Website: https://www.laphil.com
Address: Walt Disney Concert Hall, 111 S Grand Ave, Los Angeles, CA 90012
12. Agape Sunday Service with Reverend Michael Beckwith
Sunday meditation and service with Reverend Michael Beckwith at Agape feels like plugging your nervous system directly into a field of music, love, silence, and spoken word all aimed at one question: how awake do you actually want to be? And don’t be surprised if Stevie Wonder, Van Morrison, or Oprah happen to be sitting next to you before they join Reverend Michael on stage. I’ve bumped into Reverend Michael a few times in the wild and was honored to learn that he read my book. He’s the real deal and Agape is one of the few weekly rituals that reliably reorients me toward what matters.

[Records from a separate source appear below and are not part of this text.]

lemma edge_point_in_Uset:
  assumes \<pi>: "\<pi> permutes {..<d}" and \<sigma>: "\<sigma> permutes {..<d}" and "s \<ge> 1" "k \<le> s"
  shows "(\<lambda>i j. (1 - real k / real s) * perm_mat \<pi> i j + real k / real s * perm_mat \<sigma> i j)
           \<in> Uset d s"
proof (rule Uset_copywise_perm [where g = "\<lambda>i a. if a < s - k then \<pi> i else \<sigma> i"])
  show "(\<lambda>i. if a < s - k then \<pi> i else \<sigma> i) permutes {..<d}" for a
    using \<pi> \<sigma> by (cases "a < s - k") simp_all
  fix i j
  have "{..<s} \<inter> {a. a < s - k} = {..<s - k}" "{..<s} \<inter> {a. \<not> a < s - k} = {s - k..<s}"
    by auto
  then have "(\<Sum>a<s. of_bool ((if a < s - k then \<pi> i else \<sigma> i) = j))
      = real (s - k) * perm_mat \<pi> i j + real k * perm_mat \<sigma> i j"
    using \<open>k \<le> s\<close> by (simp add: if_distrib sum.If_cases perm_mat_def)
  then show "(1 - real k / real s) * perm_mat \<pi> i j + real k / real s * perm_mat \<sigma> i j
      = (\<Sum>a<s. of_bool ((if a < s - k then \<pi> i else \<sigma> i) = j)) / real s"
    using \<open>s \<ge> 1\<close> \<open>k \<le> s\<close> by (simp add: of_nat_diff field_simps)
qed (use \<open>s \<ge> 1\<close> in simp)

lemma Brac_single_overlap_in_Nats:
  assumes "Brac d s \<alpha> \<beta>" "s \<ge> 1" "b < d"
    and disjoint: "\<And>i. i < d \<Longrightarrow> i \<noteq> b \<Longrightarrow> \<alpha> i = 0 \<or> \<beta> i = 0"
    and "\<alpha> b + \<beta> b = 1"
  shows "real s * \<alpha> b \<in> \<nat>"
proof -
  obtain A B where A: "block_coisometry d s A" and B: "block_coisometry d s B"
    and AB: "\<forall>a<s. \<forall>c<s. (\<Sum>i<d. mul_adj s (A i) (B i) a c) = 0"
    and "\<forall>i<d. frob2 s (A i) / real s = \<alpha> i \<and> frob2 s (B i) / real s = \<beta> i"
    using assms(1) unfolding Brac_def block_coisometry_def by blast
  then have frob2_A: "frob2 s (A i) = real s * \<alpha> i" and frob2_B: "frob2 s (B i) = real s * \<beta> i"
    if "i < d" for i
    using that \<open>s \<ge> 1\<close> by (auto simp: field_simps)
  have "mul_adj s (A i) (B i) a c = 0" if "i < d" "i \<noteq> b" "a < s" "c < s" for i a c
    using disjoint [OF that(1,2)] frob2_A [OF that(1)] frob2_B [OF that(1)] that(3,4)
    by (auto simp: frob2_eq_0_iff mul_adj_def)
  then have "mul_adj s (A b) (B b) a c = 0" if "a < s" "c < s" for a c
    using AB that \<open>b < d\<close> by (simp add: sum.remove [of "{..<d}" b])
  moreover have "frob2 s (A b) + frob2 s (B b) = real s"
    using \<open>b < d\<close> \<open>\<alpha> b + \<beta> b = 1\<close> by (simp add: frob2_A frob2_B flip: distrib_left)
  ultimately show ?thesis
    using frob2_in_Nats_if_orthogonal [OF A B \<open>b < d\<close>] frob2_A [OF \<open>b < d\<close>] by simp
qed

Website: https://agapelive.com
Address: Saban Theatre, 8484 Wilshire Blvd, Beverly Hills, CA 90211
13. Jerome Mercier’s Class at Power Yoga East, Santa Monica
Jerome Mercier’s class at Power Yoga East feels like practicing yoga with the Buddha. I’ve been practicing with Jerome for more than 15 years and I learn something new every day. His sequences are intelligent and challenging without being performative — this is not about acrobatics, it’s about sincerity — and the room takes on that rare quality of shared peace as we quietly countenance our own minds and the afflictions brought on my overstimulation. You return to the hustle of contemporary life lighter, clearer, calmer and somehow more available for authentic connection with whoever you meet next.

Website: https://www.poweryogaeast.com
Address: 522 Santa Monica Blvd (upstairs), Santa Monica, CA 90401
14. Sara Niemietz at Vibrato Grill Jazz
Catching Sara Niemietz at Herb Alpert’s Vibrato Grill Jazz feels like walking into a film scene where the band is locked in, the room glows soft gold, and every eclectic arrangement was written just for you. Whenever I’m at Vibrato I feel like I’m time-traveling to see Duke Ellington or Glen Miller in one of those iconic New York ballrooms that my parents and grandparents spoke about when I was a kid. Stellar food and a friendly staff make for an amazing evening.

Website: https://www.vibratogrilljazz.com
Address: Vibrato Grill Jazz, 2930 N Beverly Glen Cir, Los Angeles, CA 90077
15. Milo & Olive via Too Good To Go
Snagging a Too Good To Go bag from Milo & Olive is my guilty pleasure: a surprise box of the most exquisite croissants, tarts, and cakes that were too beautiful to toss, now yours for the price of an Americano. Swing by one of LA’s best restaurants at 9:30pm and walk out with an eco‑friendly treasure chest of leftover desserts that taste anything but leftover. It’s an easy, joyful ritual that reduces waste, supports a neighborhood spot, and fills your belly with love.